L’exercice a favorisé la consolidation de la mémoire, mais cet effet-là se voit après une nuit de sommeil.

Marie-Hélène Boudrias

Le sommeil permet aux neurones sollicités pendant la journée de « potentialiser » ce qu’elles ont appris pendant la journée. En d’autres termes, cela leur permet de créer des routes où l’information circule plus facilement entre elles; conséquemment, l'exécution du mouvement devient plus facile.

Applications possibles en réadaptation

De telles recherches offrent la possibilité d'améliorer les pratiques en réadaptation, par exemple pour les personnes qui ont souffert d’un AVC. Les thérapeutes pourraient optimiser l’apprentissage pour les patients qui n’ont qu’un temps limité en réadaptation.

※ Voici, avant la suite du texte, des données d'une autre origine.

(* For $x\ne z\in\mathcal{S}^\mathcal{D}$, the time derivative of the oracle transition rate is $$\dot Q_t(x,z)=\sum_{d=1}^\mathcal{D}\delta_{x^{\setminus d}}(z^{\setminus d})\Big\{\frac{\ddot\kappa_t(1-\kappa_t)+(\dot\kappa_t)^2}{(1-\kappa_t)^2}p^d_{1|t}(z^d\mid x)-\frac{\dot\kappa_t}{1-\kappa_t}\sum_yp^d_{1|t}(z^d\mid y)Q_t(x,y)\Big\},$$ which implies $|\dot Q_t(x,z)|\le\Big|\frac{\ddot\kappa_t(1-\kappa_t)+(\dot\kappa_t)^2}{(1-\kappa_t)^2}\Big|+\mathcal{D}\Big(\frac{\dot\kappa_t}{1-\kappa_t}\Big)^2$ for any $z\ne x$. In particular, if the posterior $p_{1|t}$ does not depend on $t$, then $|\dot Q_t(x,z)|\le\Big|\frac{\ddot\kappa_t(1-\kappa_t)+(\dot\kappa_t)^2}{(1-\kappa_t)^2}\Big|$.
   Context: $\mathcal{S}=\{1,\dots,|\mathcal{S}|\}$; for $x\in\mathcal{S}^\mathcal{D}$, $x^d$ is its $d$-th coordinate and $x^{\setminus d}$ the others; $\delta_a(b)$ the Kronecker delta. $p_1$ is a data pmf on $\mathcal{S}^\mathcal{D}$, $p_0=\prod_dp^d_0$ a source distribution; $\kappa:[0,1]\to[0,1]$ non-decreasing, twice differentiable on $[0,1)$, $\kappa_0=0,\kappa_1=1$. Let $X(1)\sim p_1$ and, given $X(1)=x_1$, coordinates of $X(t)$ independent with $P(X^d(t)=y\mid X(1)=x_1)=(1-\kappa_t)p^d_0(y)+\kappa_t\delta_{x^d_1}(y)$; $p^d_{1|t}(y\mid x)=P(X^d(1)=y\mid X(t)=x)$. The oracle rate is $Q_t(x,z)=\frac{\dot\kappa_t}{1-\kappa_t}\sum_d\delta_{x^{\setminus d}}(z^{\setminus d})p^d_{1|t}(z^d\mid x)$ for $z\ne x$ and $Q_t(x,x)=-\sum_{z\ne x}Q_t(x,z)$; $X(t)$ is a continuous-time Markov chain with this rate.
   Formalization: The posterior $p_{1|t}(y\mid x)$ is the sum over w with $w^d=y$ of a transition function P(X(1)=w | X(t)=x) satisfying the Kolmogorov backward equation with rate $Q_t$, not the noising mixture of $p_0,p_1$; and $\kappa_t<1$ holds for every t<1. Apart from conventions, each condition added here is assumed in the paper as well or is needed for the statement above to hold. *)

theory Defs
  imports "HOL-Analysis.Analysis"
begin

Avec l’EEG, on pourrait mieux cibler quelles zones du cerveau sont à solliciter afin qu’un patient ait une réhabilitation plus rapide.

Bien que l’étude ne permette pas d’identifier les mécanismes précis à l’intérieur du cerveau qui facilitent l’apprentissage moteur, elle ouvre la voie à des études futures.

Leurs résultats sont parus dans la revue NeuroImage (Nouvelle fenêtre).